Personal information
- Full name: Henry Mydrian Orford Jones-Davies
- Born: 21 October 1912 Portsmouth, Hampshire, England
- Died: 30 October 1976 (aged 65) Fairford, Gloucestershire, England
- Batting: Right-handed
- Bowling: Right-arm fast-medium

Domestic team information
- 1932: Oxford University

Career statistics
| Competition | First-class |
| Matches | 1 |
| Runs scored | 4 |
| Batting average | 4.00 |
| 100s/50s | –/– |
| Top score | 4* |
| Balls bowled | 66 |
| Wickets | 0 |
| Bowling average | – |
| 5 wickets in innings | – |
| 10 wickets in match | – |
| Best bowling | – |
| Catches/stumpings | 1/– |
- Source: Cricinfo, 15 May 2020

= Henry Jones-Davies (cricketer) =

English cricketer

Henry Mydrian Orford Jones-Davies (21 October 1912 – 30 October 1976) was an English first-class cricketer and British Army officer.

Jones-Davies was born at Portsmouth in October 1912. He later studied at Keble College at the University of Oxford, where he made a single appearance in first-class cricket for Oxford University against Lancashire at Oxford in 1932. Batting twice in the match, he was dismissed without scoring in the Oxford first innings by Frank Sibbles, while in their second innings he was unbeaten on 4 runs.

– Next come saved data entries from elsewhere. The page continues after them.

(* For $n\ge2$, the family $\mathcal{K}_n$ consists of exactly $2^{\frac{(n-1)(n-2)}{2}}$ Bieberbach groups, and these groups are pairwise nonisomorphic.
   Context: Let $e_1,\dots,e_n$ be the canonical basis of $\mathbb{R}^n$. For $1\le i\le n-1$ let $C_i$ be the diagonal matrix with $-1$ in position $i$ and $1$ elsewhere, and $c_i=\tfrac12e_{i+1}+\sum_{j=1}^{i-1}c_{ji}e_j$ with $c_{ji}\in\{0,\tfrac12\}$. $\mathcal{K}_n$ is the set of subgroups of the Euclidean isometry group $I(\mathbb{R}^n)$ generated by $\{C_iL_{c_i}:1\le i\le n-1\}\cup\{L_{e_j}:1\le j\le n\}$, one for each choice of the parameters $c_{ji}$, $1\le j<i\le n-1$ (here $BL_b$ is $x\mapsto B(x+b)$). A Bieberbach group is a discrete, cocompact, torsion-free subgroup of $I(\mathbb{R}^n)$. *)

theory Defs
  imports "HOL-Analysis.Analysis" "HOL-Algebra.Generated_Groups"
begin

text \<open>Euclidean space R^n is modelled as real^'n with n = CARD('n); the coordinates
  are labelled 1..n by a bijection ix :: nat => 'n, so that e_i = axis (ix i) 1.\<close>

definition isom_group :: "('n::finite) itself \<Rightarrow> (real^'n \<Rightarrow> real^'n) monoid" where
  "isom_group _ = \<lparr> carrier = {f. bij f \<and> (\<forall>x y. dist (f x) (f y) = dist x y)},
                    mult = (\<lambda>f g. f \<circ> g), one = id \<rparr>"

definition stdbasis :: "(nat \<Rightarrow> 'n::finite) \<Rightarrow> nat \<Rightarrow> real^'n" where
  "stdbasis ix i = axis (ix i) 1"

definition Cvec :: "(nat \<Rightarrow> 'n::finite) \<Rightarrow> (nat \<times> nat \<Rightarrow> real) \<Rightarrow> nat \<Rightarrow> real^'n" where
  "Cvec ix p i = (1/2) *\<^sub>R stdbasis ix (i+1) + (\<Sum>j\<in>{1..<i}. p (j,i) *\<^sub>R stdbasis ix j)"

definition Cmap :: "(nat \<Rightarrow> 'n::finite) \<Rightarrow> (nat \<times> nat \<Rightarrow> real) \<Rightarrow> nat \<Rightarrow> real^'n \<Rightarrow> real^'n" where
  "Cmap ix p i x = (\<chi> k. if k = ix i then - ((x + Cvec ix p i) $ k) else (x + Cvec ix p i) $ k)"

definition transl :: "real^'n \<Rightarrow> real^'n \<Rightarrow> real^'n" where
  "transl b x = x + b"

definition admissible :: "nat \<Rightarrow> (nat \<times> nat \<Rightarrow> real) \<Rightarrow> bool" where
  "admissible n p \<longleftrightarrow> (\<forall>j i. (1 \<le> j \<and> j < i \<and> i \<le> n - 1 \<longrightarrow> p (j,i) \<in> {0, 1/2})
                         \<and> (\<not> (1 \<le> j \<and> j < i \<and> i \<le> n - 1) \<longrightarrow> p (j,i) = 0))"

definition Kgens :: "(nat \<Rightarrow> 'n::finite) \<Rightarrow> (nat \<times> nat \<Rightarrow> real) \<Rightarrow> (real^'n \<Rightarrow> real^'n) set" where
  "Kgens ix p = {Cmap ix p i | i. 1 \<le> i \<and> i \<le> CARD('n) - 1}
              \<union> {transl (stdbasis ix j) | j. 1 \<le> j \<and> j \<le> CARD('n)}"

definition Kgroup :: "(nat \<Rightarrow> 'n::finite) \<Rightarrow> (nat \<times> nat \<Rightarrow> real) \<Rightarrow> (real^'n \<Rightarrow> real^'n) monoid" where
  "Kgroup ix p = subgroup_generated (isom_group TYPE('n)) (Kgens ix p)"

definition Kfamily :: "(nat \<Rightarrow> 'n::finite) \<Rightarrow> (real^'n \<Rightarrow> real^'n) set set" where
  "Kfamily ix = {carrier (Kgroup ix p) | p. admissible CARD('n) p}"

text \<open>Bieberbach: discrete (identity isolated in the compact-open topology of I(R^n)),
  cocompact (a compact set whose translates cover R^n), torsion-free subgroup of I(R^n).\<close>
definition bieberbach :: "(real^'n::finite \<Rightarrow> real^'n) set \<Rightarrow> bool" where
  "bieberbach \<Gamma> \<longleftrightarrow> subgroup \<Gamma> (isom_group TYPE('n))
     \<and> (\<exists>L \<epsilon>. compact L \<and> \<epsilon> > 0 \<and> (\<forall>g\<in>\<Gamma>. (\<forall>x\<in>L. dist (g x) x < \<epsilon>) \<longrightarrow> g = id))
     \<and> (\<exists>K. compact K \<and> (\<Union>g\<in>\<Gamma>. g ` K) = UNIV)
     \<and> (\<forall>g\<in>\<Gamma>. \<forall>k::nat. k \<ge> 1 \<and> (g ^^ k) = id \<longrightarrow> g = id)"

end

(*
  Every element of the group Gamma_p is an affine map x |-> eps x + v, where eps negates the
  coordinates indexed by some I \<subseteq> {1..n-1} and v is congruent to the sum of the c_i, i \<in> I,
  modulo Z^n.  The coordinate (max I) + 1 is then not negated and v is a half-integer there, so
  such a map has infinite order unless it is the identity; integrality of 2v gives discreteness,
  and the integer translations give cocompactness.

  The integer translations are exactly the elements commuting with all squares, so an
  isomorphism phi : Gamma_p -> Gamma_q induces an automorphism A of Z^n with A eps = eps' A
  whenever phi maps eps x + v to eps' x + v'.  For the generators C_i L_{c_i} this forces
  phi (C_i L_{c_i}) to negate a single coordinate sigma i, and A to be a signed permutation on
  the relevant rows.  Comparing the squares (C_i L_{c_i})^2 = L_{2 c_i} on both sides yields
  c_i(p)_m = c_{sigma i}(q)_{sigma m}; reading this at coordinate i+1, by downward induction,
  gives sigma = id and then p = q.  Hence the groups are pairwise non-isomorphic and in
  particular distinct, and there are as many as admissible parameter choices.
*)

theory Submission
  imports Defs
begin

section \<open>Affine maps with a diagonal sign matrix\<close>

definition flip_coords :: "'n::finite set \<Rightarrow> real^'n \<Rightarrow> real^'n" where
  "flip_coords F x = (\<chi> k. if k \<in> F then - x $ k else x $ k)"

definition flip_affine :: "'n::finite set \<Rightarrow> real^'n \<Rightarrow> real^'n \<Rightarrow> real^'n" where
  "flip_affine F v x = flip_coords F x + v"

lemma flip_coords_nth [simp]: "flip_coords F x $ k = (if k \<in> F then - x $ k else x $ k)"
  by (simp add: flip_coords_def)

lemma flip_coords_zero [simp]: "flip_coords F 0 = 0"
  by (simp add: vec_eq_iff)

lemma flip_coords_empty [simp]: "flip_coords {} x = x"
  by (simp add: vec_eq_iff)

lemma flip_coords_diff: "flip_coords F (x - y) = flip_coords F x - flip_coords F y"
  by (simp add: vec_eq_iff)

lemma norm_flip_coords [simp]: "norm (flip_coords F x) = norm x"
  unfolding norm_vec_def by (rule arg_cong[where f = "\<lambda>f. L2_set f UNIV"]) auto

lemma flip_affine_comp:
  "flip_affine F v \<circ> flip_affine G w = flip_affine (sym_diff F G) (flip_coords F w + v)"
  by (auto simp: flip_affine_def vec_eq_iff)

lemma flip_affine_empty: "flip_affine {} v = transl v"
  by (simp add: flip_affine_def transl_def fun_eq_iff)

lemma transl_zero: "transl 0 = id"
  by (simp add: transl_def fun_eq_iff)

lemma transl_comp: "transl u \<circ> transl v = transl (u + v)"
  by (simp add: transl_def fun_eq_iff algebra_simps)

lemma flip_affine_square: "flip_affine F v \<circ> flip_affine F v = transl (flip_coords F v + v)"
  by (simp add: flip_affine_comp flip_affine_empty)

lemma flip_affine_funpow_nth:
  "c \<notin> F \<Longrightarrow> (flip_affine F v ^^ k) x $ c = x $ c + real k * v $ c"
  by (induction k) (auto simp: flip_affine_def algebra_simps)

lemma flip_affine_eq_iff: "flip_affine F v = flip_affine G w \<longleftrightarrow> F = G \<and> v = w"
proof
  assume eq: "flip_affine F v = flip_affine G w"
  have "flip_affine F v 0 = flip_affine G w 0"
    using eq by simp
  then have "v = w"
    by (simp add: flip_affine_def)
  moreover have "k \<in> F \<longleftrightarrow> k \<in> G" for k
    using fun_cong[OF eq, of "axis k 1"] \<open>v = w\<close>
    by (auto simp: flip_affine_def vec_eq_iff axis_def split: if_splits)
  ultimately show "F = G \<and> v = w" by blast
qed simp

lemma transl_eq_iff: "transl u = transl v \<longleftrightarrow> u = v"
  by (metis flip_affine_empty flip_affine_eq_iff)

lemma flip_affine_inverse:
  "flip_affine F (- flip_coords F v) \<circ> flip_affine F v = id"
  "flip_affine F v \<circ> flip_affine F (- flip_coords F v) = id"
  by (auto simp: flip_affine_def vec_eq_iff)

lemma isom_group_mult [simp]: "x \<otimes>\<^bsub>isom_group TYPE('n::finite)\<^esub> y = x \<circ> y"
  by (simp add: isom_group_def)

lemma isom_group_one [simp]: "\<one>\<^bsub>isom_group TYPE('n::finite)\<^esub> = id"
  by (simp add: isom_group_def)

lemma isom_group_carrier:
  "f \<in> carrier (isom_group TYPE('n::finite)) \<longleftrightarrow> bij f \<and> (\<forall>x y. dist (f x) (f y) = dist x y)"
  by (simp add: isom_group_def)

lemma group_isom_group: "group (isom_group TYPE('n::finite))"
proof (rule groupI)
  fix f assume "f \<in> carrier (isom_group TYPE('n))"
  then have f: "bij f" "\<And>x y. dist (f x) (f y) = dist x y"
    by (auto simp: isom_group_carrier)
  have "dist (inv_into UNIV f x) (inv_into UNIV f y) = dist x y" for x y
    using f by (metis bij_inv_eq_iff)
  with f(1) show "\<exists>g\<in>carrier (isom_group TYPE('n)). g \<otimes>\<^bsub>isom_group TYPE('n)\<^esub> f = \<one>\<^bsub>isom_group TYPE('n)\<^esub>"
    by (auto simp: isom_group_carrier bij_imp_bij_inv bij_is_inj
        intro!: bexI[of _ "inv_into UNIV f"])
qed (auto simp: isom_group_carrier bij_comp comp_assoc)

lemma flip_affine_in_isom_group: "flip_affine F v \<in> carrier (isom_group TYPE('n::finite))"
proof -
  have "bij (flip_affine F v)"
    using flip_affine_inverse by (metis o_bij)
  moreover have "dist (flip_affine F v x) (flip_affine F v y) = dist x y" for x y
    by (simp add: flip_affine_def dist_norm flip_coords_diff[symmetric])
  ultimately show ?thesis by (simp add: isom_group_carrier)
qed

lemma inv_flip_affine:
  "inv\<^bsub>isom_group TYPE('n::finite)\<^esub> (flip_affine F v) = flip_affine F (- flip_coords F v)"
  by (rule group.inv_equality[OF group_isom_group])
     (simp_all add: flip_affine_inverse flip_affine_in_isom_group)

section \<open>The integer lattice\<close>

definition int_vectors :: "(real^'n::finite) set" where
  "int_vectors = {v. \<forall>k. v $ k \<in> \<int>}"

lemma mem_int_vectors: "v \<in> int_vectors \<longleftrightarrow> (\<forall>k. v $ k \<in> \<int>)"
  by (simp add: int_vectors_def)

lemma int_vectors_zero [simp]: "0 \<in> int_vectors"
  and int_vectors_axis [simp]: "axis k 1 \<in> int_vectors"
  and int_vectors_add: "u \<in> int_vectors \<Longrightarrow> v \<in> int_vectors \<Longrightarrow> u + v \<in> int_vectors"
  and int_vectors_diff: "u \<in> int_vectors \<Longrightarrow> v \<in> int_vectors \<Longrightarrow> u - v \<in> int_vectors"
  and int_vectors_uminus: "u \<in> int_vectors \<Longrightarrow> - u \<in> int_vectors"
  and int_vectors_scaleR: "c \<in> \<int> \<Longrightarrow> u \<in> int_vectors \<Longrightarrow> c *\<^sub>R u \<in> int_vectors"
  and int_vectors_flip_coords: "u \<in> int_vectors \<Longrightarrow> flip_coords F u \<in> int_vectors"
  by (auto simp: mem_int_vectors axis_def)

lemma int_vectors_sum:
  "(\<And>i. i \<in> S \<Longrightarrow> f i \<in> int_vectors) \<Longrightarrow> sum f S \<in> int_vectors"
  by (auto simp: mem_int_vectors)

After graduating from Oxford, Jones-Davies enlisted into the British Army where he was commissioned in July 1934 as a second lieutenant in the Royal Artillery. He was promoted to lieutenant in February 1936, with him later serving in the Second World War and being promoted to captain in February 1941. Following the war, he was promoted to major in July 1946. Jones-Davies retired from active service in September 1955, retaining the rank of major. He died in October 1976 at Fairford, Gloucestershire.